Padrões observados nos casos semelhantes deste acervo — cada processo é único.
❓ Perguntas frequentes
What did this decision decide?
The Tribunal decided that it did not have the power (jurisdiction) to hear the case brought by the company, so it struck out the proceedings.
Who was involved?
The case involved a company (the appellant) and His Majesty's Revenue and Customs (HMRC, the respondents).
How did the court decide, and why?
The Tribunal decided against the company because it found that the company was not appealing a specific decision made by HMRC. Instead, the company was challenging an old tax debt and how HMRC tried to collect it, which the Tribunal does not have the power to deal with.
Which laws or rules were applied?
The main rules applied were Rule 8(2)(a) of the Tribunal Procedure (First-tier Tribunal) (Tax Chamber) Rules 2009, which deals with striking out cases, and Section 83 of the Value Added Tax Act 1994, which outlines what decisions can be appealed.
What was the argument that mattered most?
The most important argument was whether the company's claim was actually an appeal against a specific HMRC decision, which is what the Tribunal can hear. The Tribunal found it wasn't, but rather a challenge to a debt that was already settled and how it was enforced.
Was the decision for or against the person who brought the case?
The decision was against the company that brought the case, as their proceedings were struck out.
What does this mean for someone in a similar situation?
If you want to challenge HMRC in the First-tier Tribunal (Tax Chamber), you must be appealing a specific decision made by HMRC. The Tribunal cannot hear general complaints about HMRC's actions or challenges to old debts that have already been finalised.

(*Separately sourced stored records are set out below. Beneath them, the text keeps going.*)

section \<open>The group \<open>U\<^sub>n(\<int>[1/m])\<close>\<close>

lemma unit_upper_triangular_adj_mat:
  fixes X :: "'a::comm_ring_1 mat"
  assumes u: "unit_upper_triangular n X"
  shows "X * adj_mat X = 1\<^sub>m n" and "adj_mat X * X = 1\<^sub>m n"
proof -
  have c: "X \<in> carrier_mat n n" using u unfolding unit_upper_triangular_def by simp
  have "upper_triangular X" using u unfolding unit_upper_triangular_def by auto
  then have "det X = (\<Prod>i = 0..<n. X $$ (i,i))"
    using det_upper_triangular[OF _ c] c by (simp add: prod_list_diag_prod)
  also have "\<dots> = 1" using u unfolding unit_upper_triangular_def by simp
  moreover have "1 \<cdot>\<^sub>m 1\<^sub>m n = (1\<^sub>m n :: 'a mat)" by (rule eq_matI) auto
  ultimately show "X * adj_mat X = 1\<^sub>m n" and "adj_mat X * X = 1\<^sub>m n"
    using adj_mat[OF c] by simp_all
qed

lemma Unitri_iff:
  "X \<in> Unitri n m \<longleftrightarrow> unit_upper_triangular n X \<and> (\<forall>i<n. \<forall>j<n. X $$ (i,j) \<in> Zinv m)"
  unfolding Unitri_def unit_upper_triangular_def by auto

lemma Unitri_one: "1\<^sub>m n \<in> Unitri n m"
  by (simp add: Unitri_iff unit_upper_triangular_one)

lemma Unitri_mult:
  assumes m: "m > 0" and X: "X \<in> Unitri n m" and Y: "Y \<in> Unitri n m"
  shows "X * Y \<in> Unitri n m"
proof -
  have c: "X \<in> carrier_mat n n" "Y \<in> carrier_mat n n"
    using X Y unfolding Unitri_iff unit_upper_triangular_def by auto
  have "(X * Y) $$ (i,j) \<in> Zinv m" if "i < n" "j < n" for i j
    unfolding mat_mult_entry[OF c that]
    using X Y that by (intro Zinv_sum[OF m] Zinv_mult) (auto simp: Unitri_iff)
  then show ?thesis
    using X Y unit_upper_triangular_mult by (auto simp: Unitri_iff)
qed

lemma Unitri_adj_mat:
  assumes m: "m > 0" and X: "X \<in> Unitri n m"
  shows "adj_mat X \<in> Unitri n m"
proof -
  let ?Y = "adj_mat X"
  have u: "unit_upper_triangular n X" using X by (simp add: Unitri_iff)
  have c: "X \<in> carrier_mat n n" "?Y \<in> carrier_mat n n"
    using u adj_mat(1) unfolding unit_upper_triangular_def by auto
  have row: "?Y $$ (i,j) = (if i = j then 1 else 0) - (\<Sum>l\<in>{i<..<n}. X $$ (i,l) * ?Y $$ (l,j))"
    if ij: "i < n" "j < n" for i j
  proof -
    have "(if i = j then 1 else 0) = (\<Sum>l<n. X $$ (i,l) * ?Y $$ (l,j))"
      using unit_upper_triangular_adj_mat(1)[OF u] mat_mult_entry[OF c ij] ij by simp
    also have "\<dots> = (\<Sum>l\<in>{i..<n}. X $$ (i,l) * ?Y $$ (l,j))"
      by (rule sum.mono_neutral_right) (use u ij in \<open>auto simp: unit_upper_triangular_def\<close>)
    also have "{i..<n} = insert i {i<..<n}" using ij by auto
    finally show ?thesis using u ij by (simp add: unit_upper_triangular_def)
  qed
  have "?Y $$ (i,j) \<in> Zinv m \<and> (j \<le> i \<longrightarrow> ?Y $$ (i,j) = (if i = j then 1 else 0))"
    if "i < n" "j < n" for i j
    using that
  proof (induction "n - i" arbitrary: i rule: less_induct)
    case less
    have IH: "?Y $$ (l,j) \<in> Zinv m \<and> (j \<le> l \<longrightarrow> ?Y $$ (l,j) = (if l = j then 1 else 0))"
      if "l \<in> {i<..<n}" for l
      using less that by auto
    have "?Y $$ (i,j) \<in> Zinv m"
      unfolding row[OF less.prems]
      using X IH less.prems
      by (intro Zinv_diff[OF m] Zinv_sum[OF m] Zinv_mult) (auto simp: Unitri_iff)
    moreover have "?Y $$ (i,j) = (if i = j then 1 else 0)" if "j \<le> i"
      using row[OF less.prems] IH that by (simp add: sum.neutral)
    ultimately show ?case by blast
  qed
  then show ?thesis using c by (auto simp: Unitri_iff unit_upper_triangular_def)
qed

lemma Ugroup_is_group: "m > 0 \<Longrightarrow> group (Ugroup n m)"
proof (rule groupI)
  fix X Y Z
  assume "m > 0" and XYZ: "X \<in> carrier (Ugroup n m)" "Y \<in> carrier (Ugroup n m)" "Z \<in> carrier (Ugroup n m)"
  then have c: "X \<in> carrier_mat n n" "Y \<in> carrier_mat n n" "Z \<in> carrier_mat n n"
    by (auto simp: Ugroup_def Unitri_def)
  show "X \<otimes>\<^bsub>Ugroup n m\<^esub> Y \<in> carrier (Ugroup n m)"
    using Unitri_mult \<open>m > 0\<close> XYZ by (simp add: Ugroup_def)
  show "X \<otimes>\<^bsub>Ugroup n m\<^esub> Y \<otimes>\<^bsub>Ugroup n m\<^esub> Z = X \<otimes>\<^bsub>Ugroup n m\<^esub> (Y \<otimes>\<^bsub>Ugroup n m\<^esub> Z)"
    using assoc_mult_mat[OF c] by (simp add: Ugroup_def)
  show "\<one>\<^bsub>Ugroup n m\<^esub> \<otimes>\<^bsub>Ugroup n m\<^esub> X = X"
    using c by (simp add: Ugroup_def)
  show "\<exists>Y\<in>carrier (Ugroup n m). Y \<otimes>\<^bsub>Ugroup n m\<^esub> X = \<one>\<^bsub>Ugroup n m\<^esub>"
  proof
    show "adj_mat X \<in> carrier (Ugroup n m)"
      using Unitri_adj_mat[OF \<open>m > 0\<close>] XYZ by (simp add: Ugroup_def)
    show "adj_mat X \<otimes>\<^bsub>Ugroup n m\<^esub> X = \<one>\<^bsub>Ugroup n m\<^esub>"
      using unit_upper_triangular_adj_mat(2)[of n X] XYZ by (simp add: Ugroup_def Unitri_iff)
  qed
qed (simp add: Ugroup_def Unitri_one)

lemma Ugroup_carrier [simp]: "carrier (Ugroup n m) = Unitri n m"
  by (simp add: Ugroup_def)

lemma Ugroup_mult [simp]: "X \<otimes>\<^bsub>Ugroup n m\<^esub> Y = X * Y"
  by (simp add: Ugroup_def)

lemma Ugroup_nat_pow:
  assumes "X \<in> Unitri n m"
  shows "X [^]\<^bsub>Ugroup n m\<^esub> k = X ^\<^sub>m k"
  using assms by (induction k) (auto simp: Ugroup_def Unitri_def)

lemma Ugroup_unique_roots: "unique_roots (Ugroup n m)"
  unfolding unique_roots_def
proof (intro ballI allI impI)
  fix X Y and k :: nat
  assume "X \<in> carrier (Ugroup n m)" "Y \<in> carrier (Ugroup n m)" "k > 0"
    and "X [^]\<^bsub>Ugroup n m\<^esub> k = Y [^]\<^bsub>Ugroup n m\<^esub> k"
  then show "X = Y"
    using unit_upper_triangular_pow_eq_imp_eq[of n X Y k] by (simp add: Ugroup_nat_pow Unitri_iff)
qed

lemma isolator_eq_group_isolator: "isolator n m H = group_isolator (Ugroup n m) H"
  by (simp add: isolator_def group_isolator_def Ugroup_def)

section \<open>Embeddings of \<open>\<int>[1/m]\<close>\<close>

locale Zinv_embedding =
  fixes m n :: nat and \<alpha> :: "rat \<Rightarrow> rat mat"
  assumes m_pos: "m > 0"
    and \<alpha>_hom: "\<alpha> \<in> hom (Zadd m) (Ugroup n m)"
    and \<alpha>_inj: "inj_on \<alpha> (Zinv m)"
begin

sublocale group_hom "Zadd m" "Ugroup n m" \<alpha>
  by (simp add: group_hom_def group_hom_axioms_def Zadd_is_group Ugroup_is_group m_pos \<alpha>_hom)

lemma \<alpha>_closed: "q \<in> Zinv m \<Longrightarrow> \<alpha> q \<in> Unitri n m"
  using hom_closed[of q] by simp

lemma \<alpha>_add: "x \<in> Zinv m \<Longrightarrow> y \<in> Zinv m \<Longrightarrow> \<alpha> (x + y) = \<alpha> x * \<alpha> y"
  using hom_mult[of x y] by simp

lemma \<alpha>_zero: "\<alpha> 0 = 1\<^sub>m n"
  using hom_one by (simp add: Ugroup_def)

lemma \<alpha>_of_nat_mult: "q \<in> Zinv m \<Longrightarrow> \<alpha> (of_nat k * q) = \<alpha> q [^]\<^bsub>Ugroup n m\<^esub> k"
  using hom_nat_pow[of q k] by (simp add: Zadd_nat_pow)

lemma image_subgroup: "subgroup (\<alpha> ` Zinv m) (Ugroup n m)"
  using img_is_subgroup by simp

lemma image_commute: "\<forall>x \<in> \<alpha> ` Zinv m. \<forall>y \<in> \<alpha> ` Zinv m. x \<otimes>\<^bsub>Ugroup n m\<^esub> y = y \<otimes>\<^bsub>Ugroup n m\<^esub> x"
proof (intro ballI)
  fix x y assume "x \<in> \<alpha> ` Zinv m" "y \<in> \<alpha> ` Zinv m"
  then obtain a b where "a \<in> Zinv m" "b \<in> Zinv m" "x = \<alpha> a" "y = \<alpha> b" by blast
  then show "x \<otimes>\<^bsub>Ugroup n m\<^esub> y = y \<otimes>\<^bsub>Ugroup n m\<^esub> x"
    using \<alpha>_add[of a b] \<alpha>_add[of b a] by (simp add: add.commute)
qed

lemma leading_superdiagonal:
  obtains i d c where "i + d < n" "c \<noteq> 0" "c \<in> Zinv m"
    "\<And>q. q \<in> Zinv m \<Longrightarrow> agree_below_diag n d (\<alpha> q) (1\<^sub>m n) \<and>
       \<alpha> q $$ (i,i+d) - 1\<^sub>m n $$ (i,i+d) = q * c"
proof -
  have u: "unit_upper_triangular n (\<alpha> q)" if "q \<in> Zinv m" for q
    using \<alpha>_closed[OF that] by (simp add: Unitri_iff)
  note one = unit_upper_triangular_one[of n, where 'a = rat]
  have "\<alpha> 1 \<noteq> 1\<^sub>m n"
    using inj_onD[OF \<alpha>_inj, of 1 0] \<alpha>_zero by auto
  moreover have "\<alpha> 1 \<in> carrier_mat n n" using \<alpha>_closed[of 1] by (simp add: Unitri_def)
  ultimately have "\<not> agree_below_diag n n (\<alpha> 1) (1\<^sub>m n)"
    using agree_below_diag_full_imp_eq[of "\<alpha> 1" n "1\<^sub>m n"] by auto
  then obtain d i where d: "agree_below_diag n d (\<alpha> 1) (1\<^sub>m n)" "i + d < n"
    and ne: "\<alpha> 1 $$ (i,i+d) \<noteq> 1\<^sub>m n $$ (i,i+d)"
    by (rule first_disagreement_below_diag[OF u[OF Zinv_1] one])
  define c where "c = \<alpha> 1 $$ (i,i+d) - 1\<^sub>m n $$ (i,i+d)"
  have nat: "agree_below_diag n d (\<alpha> (of_nat k)) (1\<^sub>m n)" for k
    using agree_below_diag_pow(1)[OF u[of 1] one d(1), of k] \<alpha>_of_nat_mult[of 1 k] \<alpha>_closed[of 1]
    by (simp add: Ugroup_nat_pow)
  have int: "agree_below_diag n d (\<alpha> (of_int a)) (1\<^sub>m n)" for a
  proof (cases "a \<ge> 0")
    case True
    then show ?thesis using nat[of "nat a"] by simp
  next
    case False
    have "\<alpha> (of_int a) * \<alpha> (of_int (- a)) = 1\<^sub>m n"
      using \<alpha>_add[OF Zinv_of_int Zinv_of_int, of a "- a"] \<alpha>_zero by simp
    then have "\<alpha> (of_int a) * \<alpha> (of_nat (nat (- a))) = 1\<^sub>m n * 1\<^sub>m n"
      using False by simp
    then show ?thesis
      by (rule agree_below_diag_cancel_right[OF u[OF Zinv_of_int] u[OF Zinv_of_nat] one one _ nat])
  qed
  have agree: "agree_below_diag n d (\<alpha> q) (1\<^sub>m n)" if q: "q \<in> Zinv m" for q
  proof -
    obtain j a where a: "of_nat (m ^ j) * q = of_int a" using Zinv_clear_denominator[OF m_pos q] .
    have "\<alpha> q ^\<^sub>m (m ^ j) = \<alpha> (of_int a)"
      using \<alpha>_of_nat_mult[OF q, of "m ^ j"] a \<alpha>_closed[OF q] by (simp add: Ugroup_nat_pow)
    then show ?thesis
      using agree_below_diag_of_pow[OF u[OF q] one, of "m ^ j" d] int[of a] m_pos by simp
  qed
  let ?f = "\<lambda>q. \<alpha> q $$ (i,i+d) - 1\<^sub>m n $$ (i,i+d)"
  have "?f (x + y) = ?f x + ?f y" if "x \<in> Zinv m" "y \<in> Zinv m" for x y
    using agree_below_diag_mult(2)[OF u[OF that(1)] u[OF that(2)] one one agree[OF that(1)]
        agree[OF that(2)] d(2)] \<alpha>_add[OF that] by simp
  then have "?f q = q * c" if "q \<in> Zinv m" for q
    using additive_map_on_Zinv_linear[OF m_pos _ that, of ?f] unfolding c_def by blast
  moreover have "c \<noteq> 0" using ne unfolding c_def by simp
  moreover have "c \<in> Zinv m"
    using \<alpha>_closed[of 1] Unitri_one[of n m] d(2) m_pos unfolding c_def
    by (intro Zinv_diff) (auto simp: Unitri_iff)
  ultimately show thesis using that d(2) agree by blast
qed

context
  fixes i d c
  assumes id: "i + d < n"
    and lead: "\<And>q. q \<in> Zinv m \<Longrightarrow> agree_below_diag n d (\<alpha> q) (1\<^sub>m n) \<and>
       \<alpha> q $$ (i,i+d) - 1\<^sub>m n $$ (i,i+d) = q * c"
begin

lemma root_leading_entry:
  assumes gU: "g \<in> Unitri n m" and k: "k > 0" and q: "q \<in> Zinv m"
    and gk: "g [^]\<^bsub>Ugroup n m\<^esub> k = \<alpha> q"
  shows "of_nat k * (g $$ (i,i+d) - 1\<^sub>m n $$ (i,i+d)) = q * c"
proof -
  have ug: "unit_upper_triangular n g" using gU by (simp add: Unitri_iff)
  have gk_mat: "g ^\<^sub>m k = \<alpha> q" using gk gU by (simp add: Ugroup_nat_pow)
  have "agree_below_diag n d g (1\<^sub>m n)"
    using agree_below_diag_of_pow[OF ug unit_upper_triangular_one, of k d] lead[OF q] gk_mat k
    by simp
  then show ?thesis
    using agree_below_diag_pow(2)[OF ug unit_upper_triangular_one _ id, of k] lead[OF q] gk_mat
    by simp
qed

lemma isolator_pow_mem_image:
  assumes a: "of_nat (m ^ j) * c = of_int a" and g: "g \<in> isolator n m (\<alpha> ` Zinv m)"
  shows "g [^]\<^bsub>Ugroup n m\<^esub> nat \<bar>a\<bar> \<in> \<alpha> ` Zinv m"
proof -
  define e where "e = nat \<bar>a\<bar>"
  have gU: "g \<in> Unitri n m" and "\<exists>k::nat. k \<ge> 1 \<and> g [^]\<^bsub>Ugroup n m\<^esub> k \<in> \<alpha> ` Zinv m"
    using g unfolding isolator_def by auto
  then obtain k :: nat and q where k: "k > 0" and q: "q \<in> Zinv m"
    and gk: "g [^]\<^bsub>Ugroup n m\<^esub> k = \<alpha> q"
    by (auto simp: Suc_le_eq)
  define t where "t = of_int (sgn a) * of_nat (m ^ j) * (g $$ (i,i+d) - 1\<^sub>m n $$ (i,i+d))"
  have t: "t \<in> Zinv m"
    using gU Unitri_one[of n m] id m_pos Zinv_of_nat[of "m ^ j" m] unfolding t_def
    by (intro Zinv_mult Zinv_diff) (auto simp: Unitri_iff)
  have "of_nat k * t
      = of_int (sgn a) * of_nat (m ^ j) * (of_nat k * (g $$ (i,i+d) - 1\<^sub>m n $$ (i,i+d)))"
    unfolding t_def by (simp only: ac_simps)
  also have "\<dots> = of_int (sgn a) * q * (of_nat (m ^ j) * c)"
    unfolding root_leading_entry[OF gU k q gk] by (simp only: ac_simps)
  also have "\<dots> = of_int (sgn a * a) * q"
    unfolding a by (simp add: ac_simps)
  also have "sgn a * a = int e"
    unfolding e_def by (simp add: abs_if sgn_if)
  finally have kt: "of_nat k * t = of_nat e * q" by simp
  have "(g [^]\<^bsub>Ugroup n m\<^esub> e) [^]\<^bsub>Ugroup n m\<^esub> k = (g [^]\<^bsub>Ugroup n m\<^esub> k) [^]\<^bsub>Ugroup n m\<^esub> e"
    using gU by (simp add: H.nat_pow_pow mult.commute)
  also have "\<dots> = \<alpha> (of_nat k * t)"
    using gk kt \<alpha>_of_nat_mult[OF q, of e] by simp
  also have "\<dots> = \<alpha> t [^]\<^bsub>Ugroup n m\<^esub> k"
    by (rule \<alpha>_of_nat_mult[OF t])
  finally have "g [^]\<^bsub>Ugroup n m\<^esub> e = \<alpha> t"
    using Ugroup_unique_roots[of n m] H.nat_pow_closed[of g e] gU \<alpha>_closed[OF t] k
    unfolding unique_roots_def by simp
  then show ?thesis using t unfolding e_def by simp
qed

What evidence or documents mattered?
The Tribunal considered the company's Notice of Appeal and their written response, which set out their arguments. The absence of an identified appealable decision from HMRC was a key factor.
Can a decision like this be appealed?
Yes, any party unhappy with a decision from the First-tier Tribunal (Tax Chamber) generally has the right to apply for permission to appeal to a higher tribunal, usually within 56 days of receiving the decision.
Is it worth getting a solicitor for a case like this?
It is always recommended to get advice from a qualified solicitor for your specific case, especially when dealing with complex issues of tribunal jurisdiction and tax law.